- WORK TO COMPLETE -
Reproduce verbatim the lines of the material below, starting at the line with "proof (rule SUP_least)" and ending at the line with "using s by (intro ennreal_leI window)", both inclusive; skip the rest.

- DATA -
lemma L2sq_eq_SUP_windows:
  fixes F :: "real \<Rightarrow> real"
  assumes F_cont: "continuous_on {0<..} F" and "0 < a"
  shows "L2sq F = (SUP n. ennreal (integral {min (inverse (real (Suc n))) a .. max (real (Suc n)) b}
                                     (\<lambda>x. (F x)\<^sup>2)))"
proof -
  define W where "W n = {min (inverse (real (Suc n))) a .. max (real (Suc n)) b}" for n
  define f where "f n x = ennreal ((F x)\<^sup>2) * indicator (W n) x" for n x
  have W_pos: "0 < min (inverse (real (Suc n))) a" for n
    using \<open>0 < a\<close> by simp
  have W_sub: "W n \<subseteq> {0<..}" for n
    unfolding W_def using W_pos[of n] by (metis atLeastAtMost_iff greaterThan_iff less_le_trans subsetI)
  have "incseq f"
  proof (intro incseq_SucI le_funI)
    fix n x
    have "inverse (real (Suc (Suc n))) \<le> inverse (real (Suc n))"
      by (intro le_imp_inverse_le) auto
    then have "W n \<subseteq> W (Suc n)"
      unfolding W_def atLeastatMost_subset_iff by (intro disjI2 conjI min.mono max.mono) auto
    then show "f n x \<le> f (Suc n) x" by (auto simp: f_def indicator_def)
  qed
  moreover have "f n \<in> borel_measurable lborel" for n
  proof -
    have "(\<lambda>x. indicator (W n) x *\<^sub>R (F x)\<^sup>2) \<in> borel_measurable borel"
      by (intro borel_measurable_continuous_on_indicator continuous_intros
          continuous_on_subset[OF F_cont W_sub]) (simp add: W_def)
    then have "(\<lambda>x. ennreal (indicator (W n) x *\<^sub>R (F x)\<^sup>2)) \<in> borel_measurable borel"
      by measurable
    moreover have "f n = (\<lambda>x. ennreal (indicator (W n) x *\<^sub>R (F x)\<^sup>2))"
      by (auto simp: f_def indicator_def fun_eq_iff)
    ultimately show ?thesis by simp
  qed
  moreover have "(SUP n. f n x) = ennreal ((F x)\<^sup>2) * indicator {0<..} x" for x
  proof (rule antisym)
    show "(SUP n. f n x) \<le> ennreal ((F x)\<^sup>2) * indicator {0<..} x"
      by (rule SUP_least) (use W_sub in \<open>auto simp: f_def indicator_def\<close>)
  next
    show "ennreal ((F x)\<^sup>2) * indicator {0<..} x \<le> (SUP n. f n x)"
    proof (cases "0 < x")
      case True
      obtain n :: nat where n: "inverse x < real n" "x < real n"
        using reals_Archimedean2[of "max x (inverse x)"] by auto
      have "inverse (real (Suc n)) < inverse (inverse x)"
        using True n by (intro less_imp_inverse_less) auto
      then have "x \<in> W n" using True n by (auto simp: W_def)
      then have "ennreal ((F x)\<^sup>2) * indicator {0<..} x = f n x"
        using True by (simp add: f_def indicator_def)
      then show ?thesis by (metis SUP_upper UNIV_I)
    qed simp
  qed
  ultimately have L2sq_SUP: "L2sq F = (SUP n. integral\<^sup>N lborel (f n))"
    unfolding L2sq_def by (simp add: nn_integral_monotone_convergence_SUP[symmetric])
  have f_integral: "integral\<^sup>N lborel (f n) = ennreal (integral (W n) (\<lambda>x. (F x)\<^sup>2))" for n
    unfolding f_def W_def
    by (rule ennreal_integral_square_eq_nn_integral[symmetric])
       (rule continuous_on_subset[OF F_cont W_sub[unfolded W_def]])
  show ?thesis
    unfolding L2sq_SUP f_integral W_def ..
qed

lemma L2sq_le_of_window_bounds:
  fixes F u :: "real \<Rightarrow> real"
  assumes F_cont: "continuous_on {0<..} F" and u_cont: "continuous_on {0<..} u"
    and "0 < a" "0 \<le> K"
    and window: "\<And>s t. 0 < s \<Longrightarrow> s \<le> a \<Longrightarrow> b \<le> t \<Longrightarrow>
                   integral {s..t} (\<lambda>x. (F x)\<^sup>2) \<le> K * integral {s..t} (\<lambda>x. (u x)\<^sup>2)"
  shows "L2sq F \<le> ennreal K * L2sq u"
  unfolding L2sq_eq_SUP_windows[OF F_cont \<open>0 < a\<close>, of b]
proof (rule SUP_least)
  fix n
  define s t where "s = min (inverse (real (Suc n))) a" and "t = max (real (Suc n)) b"
  have s: "0 < s" "s \<le> a" "b \<le> t" using \<open>0 < a\<close> by (auto simp: s_def t_def)
  have u_cont': "continuous_on {s..t} u"
    using s by (intro continuous_on_subset[OF u_cont]) auto
  have "ennreal (integral {s..t} (\<lambda>x. (F x)\<^sup>2)) \<le> ennreal (K * integral {s..t} (\<lambda>x. (u x)\<^sup>2))"
    using s by (intro ennreal_leI window)
  also have "\<dots> = ennreal K * ennreal (integral {s..t} (\<lambda>x. (u x)\<^sup>2))"
    using \<open>0 \<le> K\<close>
    by (intro ennreal_mult integral_nonneg integrable_continuous_interval continuous_intros u_cont') auto
  also have "\<dots> \<le> ennreal K * L2sq u"
    using s by (intro mult_left_mono ennreal_integral_square_le_L2sq u_cont') auto
  finally show "ennreal (integral {s..t} (\<lambda>x. (F x)\<^sup>2)) \<le> ennreal K * L2sq u" .
qed

locale kernel_setting =
  fixes \<nu> :: real and u :: "real \<Rightarrow> real" and a b :: real
  assumes nu_gt: "3/2 < \<nu>" and u_isCont: "\<And>x. isCont u x"
    and a_pos: "0 < a" and a_less_b: "a < b"
    and u_vanishes: "\<And>y. y \<le> a \<or> b \<le> y \<Longrightarrow> u y = 0"
begin

definition wP :: "real \<Rightarrow> real" where "wP y = y powr (\<nu> + 1/2) * u y"
definition wQ :: "real \<Rightarrow> real" where "wQ y = y powr (1/2 - \<nu>) * u y"
definition P :: "real \<Rightarrow> real" where "P x = x powr (-3/2 - \<nu>) * integral {0..x} wP"
definition Q :: "real \<Rightarrow> real" where "Q x = x powr (\<nu> - 3/2) * integral {x..b} wQ"

text \<open>\<open>F0\<close>, \<open>F1\<close>, \<open>F2\<close> are \<open>X\<^sup>-\<^sup>2 K u\<close> and its images under \<open>X\<partial>\<^sub>x\<close> and \<open>(X\<partial>\<^sub>x)\<^sup>2\<close> on \<open>(0, \<infinity>)\<close>.\<close>

definition F0 :: "real \<Rightarrow> real" where "F0 x = (P x + Q x) / (2 * \<nu>)"
definition F1 :: "real \<Rightarrow> real" where "F1 x = (- (\<nu> + 3/2) * P x + (\<nu> - 3/2) * Q x) / (2 * \<nu>)"
definition F2 :: "real \<Rightarrow> real" where "F2 x = (\<nu>\<^sup>2 - 9/4) * F0 x - 3 * F1 x - u x"

lemma nu_pos: "0 < \<nu>"
  using nu_gt by simp

lemma nu_sq_gt: "9/4 < \<nu>\<^sup>2"
proof -
  have "(3/2)\<^sup>2 < \<nu>\<^sup>2" using nu_gt by (intro power_strict_mono) auto
  then show ?thesis by (simp add: power2_eq_square)
qed

lemma u_continuous_on: "continuous_on S u"
  by (simp add: continuous_at_imp_continuous_on u_isCont)

lemma wP_continuous_on: "continuous_on UNIV wP"
  unfolding wP_def[abs_def] using u_isCont a_pos u_vanishes
  by (intro continuous_at_imp_continuous_on ballI isCont_powr_mult_vanishing) auto

lemma wQ_continuous_on: "continuous_on UNIV wQ"
  unfolding wQ_def[abs_def] using u_isCont a_pos u_vanishes
  by (intro continuous_at_imp_continuous_on ballI isCont_powr_mult_vanishing) auto

lemma P_vanishes: "x \<le> a \<Longrightarrow> P x = 0"
  using integral_cong[of "{0..x}" wP "\<lambda>_. 0"] u_vanishes by (simp add: P_def wP_def)

lemma Q_vanishes: "b \<le> x \<Longrightarrow> Q x = 0"
  by (cases "x = b") (simp_all add: Q_def)

lemma integral_wQ_eq: "0 \<le> x \<Longrightarrow> integral {x..b} wQ = integral {0..b} wQ - integral {0..x} wQ"
proof -
  assume x: "0 \<le> x"
  have int: "wQ integrable_on {s..t}" for s t
    by (rule integrable_continuous_interval) (rule continuous_on_subset[OF wQ_continuous_on], simp)
  show ?thesis
  proof (cases "x \<le> b")
    case True
    then show ?thesis
      using Henstock_Kurzweil_Integration.integral_combine[OF x True int] by simp
  next
    case False
    have "integral {b..x} wQ = 0"
      using integral_cong[of "{b..x}" wQ "\<lambda>_. 0"] u_vanishes by (simp add: wQ_def)
    then show ?thesis
      using False a_pos a_less_b Henstock_Kurzweil_Integration.integral_combine[of 0 b x wQ] int
      by simp
  qed
qed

- TASK ANSWER -
proof (rule SUP_least)
  fix n
  define s t where "s = min (inverse (real (Suc n))) a" and "t = max (real (Suc n)) b"
  have s: "0 < s" "s \<le> a" "b \<le> t" using \<open>0 < a\<close> by (auto simp: s_def t_def)
  have u_cont': "continuous_on {s..t} u"
    using s by (intro continuous_on_subset[OF u_cont]) auto
  have "ennreal (integral {s..t} (\<lambda>x. (F x)\<^sup>2)) \<le> ennreal (K * integral {s..t} (\<lambda>x. (u x)\<^sup>2))"
    using s by (intro ennreal_leI window)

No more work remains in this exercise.